Locate all lines in the data below that hold "impI" and show them.

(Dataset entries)

···

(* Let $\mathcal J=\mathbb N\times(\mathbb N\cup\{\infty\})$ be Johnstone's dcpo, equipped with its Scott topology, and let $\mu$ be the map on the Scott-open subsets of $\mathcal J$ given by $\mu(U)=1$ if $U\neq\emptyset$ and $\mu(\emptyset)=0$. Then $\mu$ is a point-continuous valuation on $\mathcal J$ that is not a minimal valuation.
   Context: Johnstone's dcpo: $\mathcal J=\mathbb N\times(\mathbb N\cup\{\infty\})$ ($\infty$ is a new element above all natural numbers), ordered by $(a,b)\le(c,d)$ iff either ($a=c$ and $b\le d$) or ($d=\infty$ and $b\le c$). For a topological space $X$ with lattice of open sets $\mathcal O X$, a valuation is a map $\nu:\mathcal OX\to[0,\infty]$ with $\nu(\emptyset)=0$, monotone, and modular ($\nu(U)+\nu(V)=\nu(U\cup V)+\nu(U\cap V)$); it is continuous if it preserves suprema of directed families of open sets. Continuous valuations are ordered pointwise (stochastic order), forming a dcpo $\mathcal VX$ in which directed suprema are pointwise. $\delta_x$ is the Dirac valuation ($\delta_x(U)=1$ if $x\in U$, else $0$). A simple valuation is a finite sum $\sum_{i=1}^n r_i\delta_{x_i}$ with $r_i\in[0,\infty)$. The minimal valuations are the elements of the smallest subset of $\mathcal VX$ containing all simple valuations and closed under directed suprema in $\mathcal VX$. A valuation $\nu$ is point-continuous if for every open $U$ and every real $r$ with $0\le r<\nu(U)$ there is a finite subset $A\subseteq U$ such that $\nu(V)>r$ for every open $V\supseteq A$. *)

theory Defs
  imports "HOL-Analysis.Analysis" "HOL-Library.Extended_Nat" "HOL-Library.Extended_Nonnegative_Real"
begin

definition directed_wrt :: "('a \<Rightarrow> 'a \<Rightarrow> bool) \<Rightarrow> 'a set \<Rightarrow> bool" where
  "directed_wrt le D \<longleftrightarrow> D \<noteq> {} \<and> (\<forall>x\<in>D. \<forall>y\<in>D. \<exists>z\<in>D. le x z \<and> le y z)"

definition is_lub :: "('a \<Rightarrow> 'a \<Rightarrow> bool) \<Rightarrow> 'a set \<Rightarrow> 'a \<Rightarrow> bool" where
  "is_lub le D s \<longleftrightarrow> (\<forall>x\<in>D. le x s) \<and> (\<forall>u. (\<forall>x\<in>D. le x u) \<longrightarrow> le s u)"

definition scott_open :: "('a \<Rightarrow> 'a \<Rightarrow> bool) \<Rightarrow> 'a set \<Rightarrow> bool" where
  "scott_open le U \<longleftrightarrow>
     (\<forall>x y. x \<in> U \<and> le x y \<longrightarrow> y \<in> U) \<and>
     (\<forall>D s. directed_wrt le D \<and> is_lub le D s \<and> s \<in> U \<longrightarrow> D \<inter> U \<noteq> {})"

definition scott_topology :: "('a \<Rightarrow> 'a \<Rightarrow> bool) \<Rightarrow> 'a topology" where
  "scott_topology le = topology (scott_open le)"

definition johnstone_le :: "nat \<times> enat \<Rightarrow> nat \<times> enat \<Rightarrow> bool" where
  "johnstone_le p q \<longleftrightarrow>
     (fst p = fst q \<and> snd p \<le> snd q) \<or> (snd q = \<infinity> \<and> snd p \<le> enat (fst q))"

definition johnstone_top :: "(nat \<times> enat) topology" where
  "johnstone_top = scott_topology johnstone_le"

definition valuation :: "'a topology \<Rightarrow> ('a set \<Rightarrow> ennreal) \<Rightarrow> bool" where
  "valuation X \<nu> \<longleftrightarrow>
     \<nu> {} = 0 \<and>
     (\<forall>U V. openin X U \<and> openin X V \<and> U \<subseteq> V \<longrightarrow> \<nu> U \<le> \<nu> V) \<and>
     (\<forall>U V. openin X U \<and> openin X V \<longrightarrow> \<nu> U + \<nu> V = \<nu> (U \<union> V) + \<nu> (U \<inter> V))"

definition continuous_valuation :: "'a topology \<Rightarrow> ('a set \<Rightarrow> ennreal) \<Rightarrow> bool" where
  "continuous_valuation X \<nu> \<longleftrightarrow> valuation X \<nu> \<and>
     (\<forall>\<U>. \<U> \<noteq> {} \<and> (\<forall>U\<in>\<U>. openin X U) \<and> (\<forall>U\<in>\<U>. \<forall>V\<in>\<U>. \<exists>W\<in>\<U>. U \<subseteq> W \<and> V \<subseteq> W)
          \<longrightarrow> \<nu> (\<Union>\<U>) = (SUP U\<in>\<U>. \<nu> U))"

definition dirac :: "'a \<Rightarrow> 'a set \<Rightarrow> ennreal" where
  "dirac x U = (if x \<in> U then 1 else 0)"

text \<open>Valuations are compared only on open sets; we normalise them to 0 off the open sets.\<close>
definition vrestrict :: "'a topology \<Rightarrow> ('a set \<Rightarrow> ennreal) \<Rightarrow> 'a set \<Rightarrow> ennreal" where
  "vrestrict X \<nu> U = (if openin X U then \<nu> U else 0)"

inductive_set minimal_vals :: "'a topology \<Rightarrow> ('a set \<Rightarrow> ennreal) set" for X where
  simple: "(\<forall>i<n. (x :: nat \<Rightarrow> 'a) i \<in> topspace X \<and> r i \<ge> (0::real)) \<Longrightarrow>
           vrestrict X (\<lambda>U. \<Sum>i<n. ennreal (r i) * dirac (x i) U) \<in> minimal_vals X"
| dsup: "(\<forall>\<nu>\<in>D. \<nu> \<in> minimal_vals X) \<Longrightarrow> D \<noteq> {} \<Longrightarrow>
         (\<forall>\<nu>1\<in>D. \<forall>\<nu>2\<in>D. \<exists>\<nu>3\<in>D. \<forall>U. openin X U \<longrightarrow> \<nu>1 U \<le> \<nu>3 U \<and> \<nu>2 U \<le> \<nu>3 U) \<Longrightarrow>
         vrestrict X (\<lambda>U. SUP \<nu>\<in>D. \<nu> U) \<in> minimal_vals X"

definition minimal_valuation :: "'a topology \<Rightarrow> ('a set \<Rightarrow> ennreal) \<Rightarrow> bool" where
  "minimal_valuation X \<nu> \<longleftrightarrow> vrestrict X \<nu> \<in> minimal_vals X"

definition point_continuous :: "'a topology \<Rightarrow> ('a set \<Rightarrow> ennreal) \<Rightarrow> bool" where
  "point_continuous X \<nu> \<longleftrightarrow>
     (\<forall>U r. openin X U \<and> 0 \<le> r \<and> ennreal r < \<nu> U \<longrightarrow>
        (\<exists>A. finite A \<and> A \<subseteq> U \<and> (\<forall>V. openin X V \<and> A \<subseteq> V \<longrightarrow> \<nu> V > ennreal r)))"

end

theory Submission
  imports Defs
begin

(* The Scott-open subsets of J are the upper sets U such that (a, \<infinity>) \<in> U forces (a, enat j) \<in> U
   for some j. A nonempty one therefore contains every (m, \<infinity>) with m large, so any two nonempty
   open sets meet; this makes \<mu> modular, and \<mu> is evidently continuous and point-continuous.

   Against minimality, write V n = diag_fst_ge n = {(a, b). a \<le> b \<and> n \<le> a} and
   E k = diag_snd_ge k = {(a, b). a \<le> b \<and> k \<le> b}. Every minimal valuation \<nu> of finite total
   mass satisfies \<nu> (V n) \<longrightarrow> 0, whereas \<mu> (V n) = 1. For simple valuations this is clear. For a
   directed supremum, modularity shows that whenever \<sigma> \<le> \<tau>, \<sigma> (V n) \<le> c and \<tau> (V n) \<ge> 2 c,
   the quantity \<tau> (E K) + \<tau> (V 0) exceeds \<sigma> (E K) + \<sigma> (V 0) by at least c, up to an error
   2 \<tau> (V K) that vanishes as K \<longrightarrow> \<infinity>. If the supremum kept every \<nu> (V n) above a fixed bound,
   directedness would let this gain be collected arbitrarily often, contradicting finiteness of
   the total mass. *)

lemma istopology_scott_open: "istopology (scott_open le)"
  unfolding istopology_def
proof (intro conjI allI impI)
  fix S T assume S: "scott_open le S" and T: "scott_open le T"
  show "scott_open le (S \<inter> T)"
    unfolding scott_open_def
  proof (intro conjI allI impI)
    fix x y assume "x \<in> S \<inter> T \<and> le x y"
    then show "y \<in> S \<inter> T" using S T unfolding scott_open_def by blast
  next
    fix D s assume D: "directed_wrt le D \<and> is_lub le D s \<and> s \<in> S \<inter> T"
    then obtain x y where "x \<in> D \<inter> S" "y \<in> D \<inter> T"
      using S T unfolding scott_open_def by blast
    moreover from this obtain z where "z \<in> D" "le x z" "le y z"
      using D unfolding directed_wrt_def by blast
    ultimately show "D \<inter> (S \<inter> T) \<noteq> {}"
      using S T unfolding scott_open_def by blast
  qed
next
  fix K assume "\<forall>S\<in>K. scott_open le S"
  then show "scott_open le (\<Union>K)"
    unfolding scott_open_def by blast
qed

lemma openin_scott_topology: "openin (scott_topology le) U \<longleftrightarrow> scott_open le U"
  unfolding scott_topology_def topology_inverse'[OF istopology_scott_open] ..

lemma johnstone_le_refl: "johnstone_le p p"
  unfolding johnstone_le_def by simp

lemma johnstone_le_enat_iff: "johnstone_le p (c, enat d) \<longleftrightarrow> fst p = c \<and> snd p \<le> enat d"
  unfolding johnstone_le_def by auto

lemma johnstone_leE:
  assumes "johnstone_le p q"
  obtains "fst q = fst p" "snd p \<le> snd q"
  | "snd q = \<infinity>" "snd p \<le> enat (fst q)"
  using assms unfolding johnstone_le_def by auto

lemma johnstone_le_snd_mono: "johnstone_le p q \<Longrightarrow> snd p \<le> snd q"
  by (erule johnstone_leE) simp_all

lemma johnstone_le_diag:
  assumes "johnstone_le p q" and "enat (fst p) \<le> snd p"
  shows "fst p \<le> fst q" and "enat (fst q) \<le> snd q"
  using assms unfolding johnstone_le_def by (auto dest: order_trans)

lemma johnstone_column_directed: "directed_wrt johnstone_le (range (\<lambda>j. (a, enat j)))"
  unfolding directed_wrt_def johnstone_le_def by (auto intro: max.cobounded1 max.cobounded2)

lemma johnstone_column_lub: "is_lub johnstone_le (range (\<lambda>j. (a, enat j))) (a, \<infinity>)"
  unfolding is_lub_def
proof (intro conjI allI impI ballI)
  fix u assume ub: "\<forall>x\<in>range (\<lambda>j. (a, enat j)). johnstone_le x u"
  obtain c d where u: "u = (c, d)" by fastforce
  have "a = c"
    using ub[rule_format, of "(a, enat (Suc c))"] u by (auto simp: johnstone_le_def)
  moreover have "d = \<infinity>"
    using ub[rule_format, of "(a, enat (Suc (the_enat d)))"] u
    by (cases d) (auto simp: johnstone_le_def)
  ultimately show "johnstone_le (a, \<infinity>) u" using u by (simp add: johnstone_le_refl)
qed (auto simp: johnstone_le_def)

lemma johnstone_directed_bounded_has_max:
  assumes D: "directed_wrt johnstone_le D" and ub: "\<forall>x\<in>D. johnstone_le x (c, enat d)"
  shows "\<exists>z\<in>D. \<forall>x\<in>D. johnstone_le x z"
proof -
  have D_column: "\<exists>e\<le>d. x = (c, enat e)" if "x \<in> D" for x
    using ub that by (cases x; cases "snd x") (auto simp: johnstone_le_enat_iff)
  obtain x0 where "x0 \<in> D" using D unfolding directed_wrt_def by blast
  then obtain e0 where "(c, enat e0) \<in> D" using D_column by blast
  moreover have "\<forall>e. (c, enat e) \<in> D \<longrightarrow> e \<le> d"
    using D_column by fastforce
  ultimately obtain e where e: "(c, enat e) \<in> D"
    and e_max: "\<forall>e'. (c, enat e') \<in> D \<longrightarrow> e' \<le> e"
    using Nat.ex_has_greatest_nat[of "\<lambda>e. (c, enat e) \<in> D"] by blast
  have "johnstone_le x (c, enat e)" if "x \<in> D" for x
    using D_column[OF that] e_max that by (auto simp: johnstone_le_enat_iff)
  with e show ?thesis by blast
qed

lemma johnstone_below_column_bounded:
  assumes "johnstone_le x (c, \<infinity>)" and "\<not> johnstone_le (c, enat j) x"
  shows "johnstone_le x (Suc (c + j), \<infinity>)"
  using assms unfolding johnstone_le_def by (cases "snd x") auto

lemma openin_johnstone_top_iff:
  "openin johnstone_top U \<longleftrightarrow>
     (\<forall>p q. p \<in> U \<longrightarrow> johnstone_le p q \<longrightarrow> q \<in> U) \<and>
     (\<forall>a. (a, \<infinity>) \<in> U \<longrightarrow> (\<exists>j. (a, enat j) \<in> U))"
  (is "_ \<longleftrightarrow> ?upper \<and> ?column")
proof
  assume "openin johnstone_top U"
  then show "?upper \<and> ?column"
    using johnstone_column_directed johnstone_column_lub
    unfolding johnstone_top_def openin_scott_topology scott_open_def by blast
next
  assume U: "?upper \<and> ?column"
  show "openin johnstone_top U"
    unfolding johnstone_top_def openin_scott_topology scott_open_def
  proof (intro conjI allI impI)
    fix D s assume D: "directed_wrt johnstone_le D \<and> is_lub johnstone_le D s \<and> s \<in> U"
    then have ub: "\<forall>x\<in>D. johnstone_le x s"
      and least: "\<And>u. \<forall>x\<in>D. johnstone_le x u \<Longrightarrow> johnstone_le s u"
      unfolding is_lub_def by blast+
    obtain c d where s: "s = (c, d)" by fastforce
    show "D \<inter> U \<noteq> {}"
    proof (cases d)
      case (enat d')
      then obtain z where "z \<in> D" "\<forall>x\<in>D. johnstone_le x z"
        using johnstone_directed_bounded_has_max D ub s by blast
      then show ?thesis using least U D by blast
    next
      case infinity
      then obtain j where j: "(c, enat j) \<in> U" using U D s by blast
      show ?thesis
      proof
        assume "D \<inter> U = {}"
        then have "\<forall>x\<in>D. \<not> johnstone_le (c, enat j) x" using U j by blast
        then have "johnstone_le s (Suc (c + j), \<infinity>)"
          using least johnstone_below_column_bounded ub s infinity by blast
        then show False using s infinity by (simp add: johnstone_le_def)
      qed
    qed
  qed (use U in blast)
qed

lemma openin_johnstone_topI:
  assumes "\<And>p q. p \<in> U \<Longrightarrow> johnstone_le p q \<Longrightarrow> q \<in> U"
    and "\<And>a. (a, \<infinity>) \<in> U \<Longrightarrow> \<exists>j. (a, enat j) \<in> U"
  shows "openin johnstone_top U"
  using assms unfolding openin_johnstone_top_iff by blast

···

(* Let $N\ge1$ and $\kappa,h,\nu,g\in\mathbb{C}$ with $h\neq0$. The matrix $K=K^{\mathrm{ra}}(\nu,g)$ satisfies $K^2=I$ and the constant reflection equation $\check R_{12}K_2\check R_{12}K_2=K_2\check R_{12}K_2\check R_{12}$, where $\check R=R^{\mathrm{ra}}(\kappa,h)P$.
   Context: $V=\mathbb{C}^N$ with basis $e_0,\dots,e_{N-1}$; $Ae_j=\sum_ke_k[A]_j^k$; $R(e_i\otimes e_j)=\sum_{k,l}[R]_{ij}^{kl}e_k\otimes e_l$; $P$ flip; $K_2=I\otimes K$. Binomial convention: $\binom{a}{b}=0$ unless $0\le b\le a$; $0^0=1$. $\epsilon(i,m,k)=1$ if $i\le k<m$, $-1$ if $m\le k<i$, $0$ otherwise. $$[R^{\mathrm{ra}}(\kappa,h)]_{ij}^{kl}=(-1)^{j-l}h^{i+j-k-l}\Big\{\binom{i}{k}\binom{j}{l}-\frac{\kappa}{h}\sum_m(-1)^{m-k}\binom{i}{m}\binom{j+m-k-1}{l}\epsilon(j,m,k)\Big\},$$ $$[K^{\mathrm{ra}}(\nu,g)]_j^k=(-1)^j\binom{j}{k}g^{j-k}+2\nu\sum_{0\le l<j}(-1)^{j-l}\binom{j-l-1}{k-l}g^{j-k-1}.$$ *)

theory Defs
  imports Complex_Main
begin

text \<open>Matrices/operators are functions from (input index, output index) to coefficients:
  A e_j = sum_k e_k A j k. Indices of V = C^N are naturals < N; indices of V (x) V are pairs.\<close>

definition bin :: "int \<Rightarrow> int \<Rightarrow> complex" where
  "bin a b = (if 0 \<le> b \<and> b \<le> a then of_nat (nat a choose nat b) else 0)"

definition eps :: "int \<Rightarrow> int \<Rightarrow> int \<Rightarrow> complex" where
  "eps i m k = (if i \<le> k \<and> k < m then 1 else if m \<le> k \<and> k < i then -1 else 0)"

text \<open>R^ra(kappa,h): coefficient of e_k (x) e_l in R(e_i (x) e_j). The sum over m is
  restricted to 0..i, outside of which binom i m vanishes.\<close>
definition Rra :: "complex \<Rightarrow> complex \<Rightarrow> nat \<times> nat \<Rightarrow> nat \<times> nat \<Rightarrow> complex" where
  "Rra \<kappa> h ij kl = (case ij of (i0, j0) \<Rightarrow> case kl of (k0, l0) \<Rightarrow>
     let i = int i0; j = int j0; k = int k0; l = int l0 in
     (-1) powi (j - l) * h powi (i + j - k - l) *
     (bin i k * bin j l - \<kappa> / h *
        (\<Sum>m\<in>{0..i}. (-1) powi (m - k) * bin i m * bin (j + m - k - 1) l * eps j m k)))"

···

* ANSWER TO THIS EXERCISE
proof (intro conjI allI impI)
  proof (intro conjI allI impI)
proof (intro conjI allI impI ballI)
  proof (intro conjI allI impI)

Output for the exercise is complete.